Flak-catcher, writer, editor, provocateur, conciliator, voracious reader, ferocious critic and asker of questions of greatest acuity. Jimi’s intellectual playfulness and perspicacity gave him an unusual creativity, and his enthusiasms and optimism were infectious and uplifting.
Jimi leavened my loneliness and pointed us to sunnier uplands.
Jimi and I often spoke about the frailty of our reform work in Cape York Peninsula. That we are as threatened by the political left as much as the right. That the lack of compassion on the right is matched by the stupidities of the left. And we wondered which would come first: that the right would grow a heart or the left a brain.
We were hunters of the radical centre. We dreamed of a political movement of the brilliant centre, one that would stitch together the centre of Australian policy and politics.
Now he is dead, and what do we do?
Succour, conviction, confidence – hope – are ephemeral things. They can be in abundance one day and some days a movement like ours can feel so bereft.
Today we are becalmed. If there is a peace that surpasses all understanding, it has not yet descended upon me. The sheer cruelty of Jimi’s sudden passing and the caprice of Fate inflicting its great cost upon his work and our cause – leaves us tasting bitter ashes of despair and anger.
But this will pass. It behoves us to honour Jimi for all he did for us, by asking what he would want me to say on the day we bid goodbye to his mortal remains.
This is what he would say:
That we must double down on our quest for the development and empowerment of our people, our Pama Futures in Cape York Peninsula, and that of all of our First Nations in this country. We can see through the clouds the summit of our dreams, there is too much invested in our journey thus far and this is no time for fatal thoughts.

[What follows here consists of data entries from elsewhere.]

lemma card_lists_with_prefix:
  assumes "finite A" "set a \<subseteq> A" "length a \<le> M"
  shows "card {u. set u \<subseteq> A \<and> length u = M \<and> take (length a) u = a} = card A ^ (M - length a)"
proof -
  have "{u. set u \<subseteq> A \<and> length u = M \<and> take (length a) u = a}
      = (\<lambda>r. a @ r) ` {r. set r \<subseteq> A \<and> length r = M - length a}"
  proof (rule set_eqI)
    fix u
    show "u \<in> {u. set u \<subseteq> A \<and> length u = M \<and> take (length a) u = a}
        \<longleftrightarrow> u \<in> (\<lambda>r. a @ r) ` {r. set r \<subseteq> A \<and> length r = M - length a}"
    proof
      assume "u \<in> {u. set u \<subseteq> A \<and> length u = M \<and> take (length a) u = a}"
      then have "u = a @ drop (length a) u" "set (drop (length a) u) \<subseteq> A"
        "length (drop (length a) u) = M - length a"
        using append_take_drop_id[of "length a" u] set_drop_subset[of "length a" u] by auto
      then show "u \<in> (\<lambda>r. a @ r) ` {r. set r \<subseteq> A \<and> length r = M - length a}" by blast
    qed (use assms in auto)
  qed
  moreover have "inj_on (\<lambda>r. a @ r) {r. set r \<subseteq> A \<and> length r = M - length a}"
    by (auto simp: inj_on_def)
  ultimately show ?thesis
    using assms(1) by (simp add: card_image card_lists_length_eq)
qed

lemma weighted_incidence_sum_le_card:
  fixes c :: "'a \<Rightarrow> real"
  assumes "finite X" "finite W"
    and "\<And>w. w \<in> W \<Longrightarrow> (\<Sum>x\<in>{x \<in> X. R x w}. c x) \<le> 1"
  shows "(\<Sum>x\<in>X. c x * card {w \<in> W. R x w}) \<le> card W"
proof -
  have "(\<Sum>x\<in>X. c x * card {w \<in> W. R x w}) = (\<Sum>x\<in>X. \<Sum>w\<in>{w \<in> W. R x w}. c x)"
    by (simp add: mult.commute)
  also have "\<dots> = (\<Sum>w\<in>W. \<Sum>x\<in>{x \<in> X. R x w}. c x)"
    by (rule sum.swap_restrict[OF assms(1,2)])
  also have "\<dots> \<le> (\<Sum>w\<in>W. 1)"
    by (rule sum_mono) (rule assms(3))
  finally show ?thesis by simp
qed

lemma sum_log_card_times_le_0:
  fixes c :: "'a \<Rightarrow> real"
  assumes "finite X" "\<And>x. x \<in> X \<Longrightarrow> c x > 0" "sum c X \<le> 1"
  shows "(\<Sum>x\<in>X. log 2 (card X * c x)) \<le> 0"
proof -
  have "(\<Sum>x\<in>X. log 2 (card X * c x)) \<le> (\<Sum>x\<in>X. (card X * c x - 1) / ln 2)"
  proof (rule sum_mono)
    fix x assume "x \<in> X"
    then have "card X * c x > 0"
      using assms(1,2) card_gt_0_iff by (metis empty_iff mult_pos_pos of_nat_0_less_iff)
    then show "log 2 (card X * c x) \<le> (card X * c x - 1) / ln 2"
      unfolding log_def by (intro divide_right_mono ln_le_minus_one) simp_all
  qed
  also have "\<dots> = (card X * sum c X - card X) / ln 2"
    by (simp add: sum_divide_distrib[symmetric] sum_subtractf sum_distrib_left)
  also have "\<dots> \<le> 0"
    using mult_left_le[OF assms(3), of "real (card X)"] by (intro divide_nonpos_pos) simp_all
  finally show ?thesis .
qed

locale zero_error_code =
  fixes k :: nat
    and \<phi>1 \<phi>2 :: "nat list \<Rightarrow> nat list \<Rightarrow> 'z list"
    and N :: "nat list \<Rightarrow> nat list \<Rightarrow> nat list \<Rightarrow> nat"
    and \<psi> :: "'z list \<Rightarrow> 'z list \<Rightarrow> nat list"
  assumes code: "zero_error_vl_code k \<phi>1 \<phi>2 N \<psi>"
begin

lemma decodes:
  assumes "x1 \<in> bitvecs k" "x2 \<in> bitvecs k" "x3 \<in> bitvecs k"
  shows "N x1 x2 x3 \<le> length (\<phi>1 x1 x3)" "N x1 x2 x3 \<le> length (\<phi>2 x2 x3)"
    "\<psi> (take (N x1 x2 x3) (\<phi>1 x1 x3)) (take (N x1 x2 x3) (\<phi>2 x2 x3)) = vsum3 x1 x2 x3"
  using code assms unfolding zero_error_vl_code_def by blast+

lemma stopping_time_determined:
  assumes "x1 \<in> bitvecs k" "x2 \<in> bitvecs k" "x3 \<in> bitvecs k"
    and "y1 \<in> bitvecs k" "y2 \<in> bitvecs k" "y3 \<in> bitvecs k"
    and "take (N x1 x2 x3) (\<phi>1 x1 x3) = take (N x1 x2 x3) (\<phi>1 y1 y3)"
    and "take (N x1 x2 x3) (\<phi>2 x2 x3) = take (N x1 x2 x3) (\<phi>2 y2 y3)"
  shows "N y1 y2 y3 = N x1 x2 x3"
  using code assms unfolding zero_error_vl_code_def by blast

definition continues :: "nat list \<Rightarrow> nat list \<Rightarrow> nat list \<Rightarrow> 'z list \<Rightarrow> 'z list \<Rightarrow> bool" where
  "continues x1 x2 x3 u v \<longleftrightarrow>
     take (N x1 x2 x3) u = take (N x1 x2 x3) (\<phi>1 x1 x3) \<and>
     take (N x1 x2 x3) v = take (N x1 x2 x3) (\<phi>2 x2 x3)"

lemma continues_stopping_time_le:
  assumes x: "x1 \<in> bitvecs k" "x2 \<in> bitvecs k" "x3 \<in> bitvecs k"
    and y: "y1 \<in> bitvecs k" "y2 \<in> bitvecs k" "y3 \<in> bitvecs k"
    and "continues x1 x2 x3 u v" "continues y1 y2 y3 u v"
    and le: "N x1 x2 x3 \<le> N y1 y2 y3"
  shows "N y1 y2 y3 = N x1 x2 x3"
proof (rule stopping_time_determined[OF x y])
  let ?n = "N x1 x2 x3" and ?m = "N y1 y2 y3"
  have prefix: "take ?n xs = take ?n (take ?m xs)" for xs :: "'z list"
    using le by (simp add: min_def)
  show "take ?n (\<phi>1 x1 x3) = take ?n (\<phi>1 y1 y3)" "take ?n (\<phi>2 x2 x3) = take ?n (\<phi>2 y2 y3)"
    using assms(7,8) prefix[of u] prefix[of v] prefix[of "\<phi>1 y1 y3"] prefix[of "\<phi>2 y2 y3"]
    unfolding continues_def by metis+
qed

lemma continues_same_transcript:
  assumes x: "x1 \<in> bitvecs k" "x2 \<in> bitvecs k" "x3 \<in> bitvecs k"
    and y: "y1 \<in> bitvecs k" "y2 \<in> bitvecs k" "y3 \<in> bitvecs k"
    and cx: "continues x1 x2 x3 u v" and cy: "continues y1 y2 y3 u v"
  shows "N y1 y2 y3 = N x1 x2 x3"
    and "take (N y1 y2 y3) (\<phi>1 y1 y3) = take (N x1 x2 x3) (\<phi>1 x1 x3)"
    and "take (N y1 y2 y3) (\<phi>2 y2 y3) = take (N x1 x2 x3) (\<phi>2 x2 x3)"
proof -
  show N_eq: "N y1 y2 y3 = N x1 x2 x3"
    using continues_stopping_time_le[OF x y cx cy] continues_stopping_time_le[OF y x cy cx]
    by linarith
  show "take (N y1 y2 y3) (\<phi>1 y1 y3) = take (N x1 x2 x3) (\<phi>1 x1 x3)"
    "take (N y1 y2 y3) (\<phi>2 y2 y3) = take (N x1 x2 x3) (\<phi>2 x2 x3)"
    using cx cy N_eq by (simp_all add: continues_def)
qed

lemma continues_same_sum:
  assumes x: "x1 \<in> bitvecs k" "x2 \<in> bitvecs k" "x3 \<in> bitvecs k"
    and y: "y1 \<in> bitvecs k" "y2 \<in> bitvecs k" "y3 \<in> bitvecs k"
    and "continues x1 x2 x3 u v" "continues y1 y2 y3 u v"
  shows "vsum3 y1 y2 y3 = vsum3 x1 x2 x3"
  using decodes(3)[OF x] decodes(3)[OF y] continues_same_transcript[OF assms] by simp

text \<open>
  Swapping \<open>x2\<close> for \<open>y2\<close> does not change the second edge within the common stopping
  time, so \<open>(x1, y2, x3)\<close> stops there too and is decoded as \<open>(x1, x2, x3)\<close>.
\<close>

lemma continues_same_third_source:
  assumes x: "x1 \<in> bitvecs k" "x2 \<in> bitvecs k" "x3 \<in> bitvecs k"
    and y: "y1 \<in> bitvecs k" "y2 \<in> bitvecs k"
    and cx: "continues x1 x2 x3 u v" and cy: "continues y1 y2 x3 u v"
  shows "x1 = y1 \<and> x2 = y2"
proof -
  note same = continues_same_transcript[OF x y x(3) cx cy]
  let ?n = "N x1 x2 x3"
  have second: "take ?n (\<phi>2 x2 x3) = take ?n (\<phi>2 y2 x3)"
    using same by simp
  have "N x1 y2 x3 = ?n"
    by (rule stopping_time_determined[OF x x(1) y(2) x(3) refl second])
  then have "vsum3 x1 y2 x3 = vsum3 x1 x2 x3"
    using decodes(3)[OF x(1) y(2) x(3)] decodes(3)[OF x] second by simp
  then have "x2 = y2"
    using vsum3_cancel_middle[of x2 x1 y2 x3] x y by (simp add: bitvecs_def)
  moreover have "vsum3 x2 x1 x3 = vsum3 x2 y1 x3"
    using continues_same_sum[OF x y x(3) cx cy] \<open>x2 = y2\<close> by (simp add: vsum3_commute)
  then have "x1 = y1"
    using vsum3_cancel_middle[of x1 x2 y1 x3] x y by (simp add: bitvecs_def)
  ultimately show ?thesis by simp
qed

definition continuations :: "'z list \<Rightarrow> 'z list \<Rightarrow> (nat list \<times> nat list \<times> nat list) set" where
  "continuations u v = {(x1, x2, x3). x1 \<in> bitvecs k \<and> x2 \<in> bitvecs k \<and> x3 \<in> bitvecs k
     \<and> continues x1 x2 x3 u v}"

lemma finite_continuations: "finite (continuations u v)"
proof (rule finite_subset)
  show "continuations u v \<subseteq> bitvecs k \<times> bitvecs k \<times> bitvecs k"
    by (auto simp: continuations_def)
qed simp

lemma continuations_same_sum:
  assumes "(x1, x2, x3) \<in> continuations u v" "(y1, y2, y3) \<in> continuations u v"
  shows "vsum3 y1 y2 y3 = vsum3 x1 x2 x3"
proof -
  from assms have "x1 \<in> bitvecs k" "x2 \<in> bitvecs k" "x3 \<in> bitvecs k"
    "y1 \<in> bitvecs k" "y2 \<in> bitvecs k" "y3 \<in> bitvecs k"
    "continues x1 x2 x3 u v" "continues y1 y2 y3 u v"
    by (simp_all add: continuations_def)
  then show ?thesis by (rule continues_same_sum)
qed

lemma inj_on_third_continuations: "inj_on (\<lambda>(x1, x2, x3). x3) (continuations u v)"
proof (rule inj_onI)
  fix x y
  assume "x \<in> continuations u v" "y \<in> continuations u v"
    and "(\<lambda>(x1, x2, x3). x3) x = (\<lambda>(x1, x2, x3). x3) y"
  then obtain x1 x2 x3 y1 y2 where "x = (x1, x2, x3)" "y = (y1, y2, x3)"
    and "(x1, x2, x3) \<in> continuations u v" "(y1, y2, x3) \<in> continuations u v"
    by (cases x, cases y) auto
  then show "x = y"
    using continues_same_third_source[of x1 x2 x3 y1 y2 u v] by (simp add: continuations_def)
qed

lemma card_continuations_le:
  assumes a: "(a1, a2, a3) \<in> continuations u v"
  shows "card (continuations u v) \<le> 2 ^ ambiguous_count (vsum3 a1 a2 a3)"
proof -
  let ?s = "vsum3 a1 a2 a3"
  have "length ?s = k"
    using a by (simp add: continuations_def length_vsum3 bitvecs_def)
  have "(\<lambda>(x1, x2, x3). x3) ` continuations u v
      \<subseteq> {c \<in> bitvecs (length ?s). third_summand_candidate ?s c}"
  proof (rule image_subsetI)
    fix x assume "x \<in> continuations u v"
    then obtain x1 x2 x3 where x: "x = (x1, x2, x3)" and mem: "(x1, x2, x3) \<in> continuations u v"
      by (cases x) auto
    then have xB: "x1 \<in> bitvecs k" "x2 \<in> bitvecs k" "x3 \<in> bitvecs k"
      by (simp_all add: continuations_def)
    have "vsum3 x1 x2 x3 = ?s"
      by (rule continuations_same_sum[OF a mem])
    then show "(\<lambda>(x1, x2, x3). x3) x \<in> {c \<in> bitvecs (length ?s). third_summand_candidate ?s c}"
      using third_summand_candidate_vsum3[OF xB] xB(3) \<open>length ?s = k\<close> by (simp add: x)
  qed
  with inj_on_third_continuations
  have "card (continuations u v) \<le> card {c \<in> bitvecs (length ?s). third_summand_candidate ?s c}"
    by (rule card_inj_on_le) simp
  also have "\<dots> \<le> 2 ^ ambiguous_count ?s"
    by (rule card_third_summand_candidates)
  finally show ?thesis .
qed

lemma weight_of_continuations_le_1:
  "(\<Sum>(x1, x2, x3)\<in>continuations u v. (1 / 2 :: real) ^ ambiguous_count (vsum3 x1 x2 x3)) \<le> 1"
proof (cases "continuations u v = {}")
  case False
  then obtain a1 a2 a3 where a: "(a1, a2, a3) \<in> continuations u v" by auto
  let ?m = "ambiguous_count (vsum3 a1 a2 a3)"
  have "(\<Sum>(x1, x2, x3)\<in>continuations u v. (1 / 2 :: real) ^ ambiguous_count (vsum3 x1 x2 x3))
      = (\<Sum>_\<in>continuations u v. (1 / 2) ^ ?m)"
  proof (rule sum.cong[OF refl])
    fix x assume "x \<in> continuations u v"
    then obtain x1 x2 x3 where x: "x = (x1, x2, x3)" and mem: "(x1, x2, x3) \<in> continuations u v"
      by (cases x) auto
    have "vsum3 x1 x2 x3 = vsum3 a1 a2 a3"
      by (rule continuations_same_sum[OF a mem])
    then show "(\<lambda>(x1, x2, x3). (1 / 2 :: real) ^ ambiguous_count (vsum3 x1 x2 x3)) x
        = (1 / 2) ^ ?m"
      by (simp add: x)
  qed
  also have "\<dots> = real (card (continuations u v)) * (1 / 2) ^ ?m"
    by simp
  also have "\<dots> \<le> 2 ^ ?m * (1 / 2) ^ ?m"
    using card_continuations_le[OF a] by (intro mult_right_mono) (simp_all flip: of_nat_le_iff)
  also have "\<dots> = 1"
    by (simp add: power_mult_distrib[symmetric])
  finally show ?thesis .
qed simp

On the matter of recognition of our rightful place in the country, Jimi would say: It is time to Put the Question to the Australian People. We have laboured long enough and we have gone through many processes, panels, councils and committees these past 10 years – it is time for the politicians to allow the question to be put to the people at a Referendum, at or before the next election.
This is what Jimi thought. This is what he tells us today: Ask the Australian people to answer the Uluru Statement from the Heart. For there is something worse than a negative answer to a Referendum, and that is not putting the question at all. From this day let us move decisively and with great clarity to call upon the
Australian Parliament to Put the Question to the Australian People at a referendum at or before the 2019 Federal election. To our work we must return. We must search for belief amongst the rubble of our misfortune, and rebuild our resolve. Jimi would not have it otherwise.
To Jimi’s family, his mother and siblings, his relatives, his children and two grandchildren, we who never knew you were left in no doubt of the great love he had for you. These two grandchildren were the apples of his eye. He spoke of them with irrepressible delight, the very definition of a fulfilled life. Let them never tire of hearing of his abiding love for them that they may find some comfort in their loneliness and growing knowledge of their profound loss.